В самом Смольном — гул голосов, лязганье тяжелых подкованных сапог по паркету, бряцание оружия, хриплые выкрики командиров. Рабочие в черных тужурках, солдаты в длинных серых шинелях и высоких заломленных папахах, матросы в бушлатах, перепоясанных пулеметными лентами. За плечами у каждого — вниз стволом — карабин. У некоторых на поясе гранаты-бутылки. Время от времени сквозь бурлящий людской поток прорывался кто-нибудь из членов ВРК.
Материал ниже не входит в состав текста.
lemma alg_mult_assoc_eq_sum:
  assumes fin: "finite (supp f)" "finite (supp g)" "finite (supp h)"
  shows "((f \<otimes>\<^bsub>alg S arr top1 X\<^esub> g) \<otimes>\<^bsub>alg S arr top1 X\<^esub> h) Z =
    (\<Sum>Y\<in>supp f. \<Sum>W\<in>supp g. \<Sum>V\<in>supp h.
      if meet S arr (meet S arr Y W) V = Z then f Y * g W * h V else 0)"
proof -
  let ?C = "(\<lambda>(Y, W). meet S arr Y W) ` (supp f \<times> supp g)"
  let ?t = "\<lambda>Y W V P. if meet S arr Y W = P \<and> meet S arr P V = Z then f Y * g W * h V else 0"
  have fC: "finite ?C" using fin by simp
  have "((f \<otimes>\<^bsub>alg S arr top1 X\<^esub> g) \<otimes>\<^bsub>alg S arr top1 X\<^esub> h) Z =
      (\<Sum>P\<in>?C. \<Sum>V\<in>supp h. if meet S arr P V = Z then (f \<otimes>\<^bsub>alg S arr top1 X\<^esub> g) P * h V else 0)"
    by (rule alg_mult_eq_sum[OF fC fin(3) supp_alg_mult[OF fin(1,2)] order_refl])
  also have "\<dots> = (\<Sum>P\<in>?C. \<Sum>V\<in>supp h. \<Sum>Y\<in>supp f. \<Sum>W\<in>supp g. ?t Y W V P)"
    by (intro sum.cong refl)
      (simp add: alg_mult_eq_sum[OF fin(1,2) order_refl order_refl] sum_distrib_right
        if_distrib if_distribR conj_commute cong: if_cong)
  also have "\<dots> = (\<Sum>Y\<in>supp f. \<Sum>W\<in>supp g. \<Sum>V\<in>supp h. \<Sum>P\<in>?C. ?t Y W V P)"
    by (rule sum_swap4)
  also have "\<dots> = (\<Sum>Y\<in>supp f. \<Sum>W\<in>supp g. \<Sum>V\<in>supp h.
      if meet S arr (meet S arr Y W) V = Z then f Y * g W * h V else 0)"
  proof (intro sum.cong refl)
    fix Y W V assume "Y \<in> supp f" "W \<in> supp g"
    then have "meet S arr Y W \<in> ?C" by force
    have "(\<Sum>P\<in>?C. ?t Y W V P) = (\<Sum>P\<in>?C. if meet S arr Y W = P
        then (if meet S arr (meet S arr Y W) V = Z then f Y * g W * h V else 0) else 0)"
      by (rule sum.cong) auto
    also have "\<dots> = (if meet S arr (meet S arr Y W) V = Z then f Y * g W * h V else 0)"
      using fC \<open>meet S arr Y W \<in> ?C\<close> by (simp only: sum.delta' if_True)
    finally show "(\<Sum>P\<in>?C. ?t Y W V P) =
        (if meet S arr (meet S arr Y W) V = Z then f Y * g W * h V else 0)" .
  qed
  finally show ?thesis .
qed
Откуда-то появился Луначарский, зажимая под мышкой пухлый портфель. Рид попытался его остановить.
— Некогда, некогда, только что окончилось заседание Петроградского Совета, приняты важные решения. — И Луначарский исчез, словно растворился в шинелях, куртках, бушлатах.
— Хэлло, Джек!
Рид оглянулся. Откуда-то из глубины коридора к нему пыталась протиснуться женская фигурка. Бесси Битти! И она здесь! Впрочем, удивляться не приходилось, Бесси журналистка, как говорится, божьей милостью. Где же ей быть в такие часы, как не в Смольном. Торопливо, азартно стала выкладывать новости:
— Петроградский Совет принял резолюцию, — Бесси вытащила блокнот, прямо с листа начала расшифровывать стенограмму: — “Совет приветствует победоносную революцию пролетариата и гарнизона Петрограда… Совет выражает непоколебимую уверенность, что рабочее и крестьянское правительство твердо пойдет к социализму… Оно немедленно предложит справедливый, демократический мир всем народам… Совет убежден, что пролетариат западноевропейских стран поможет нам довести дело социализма до полной и прочной победы…”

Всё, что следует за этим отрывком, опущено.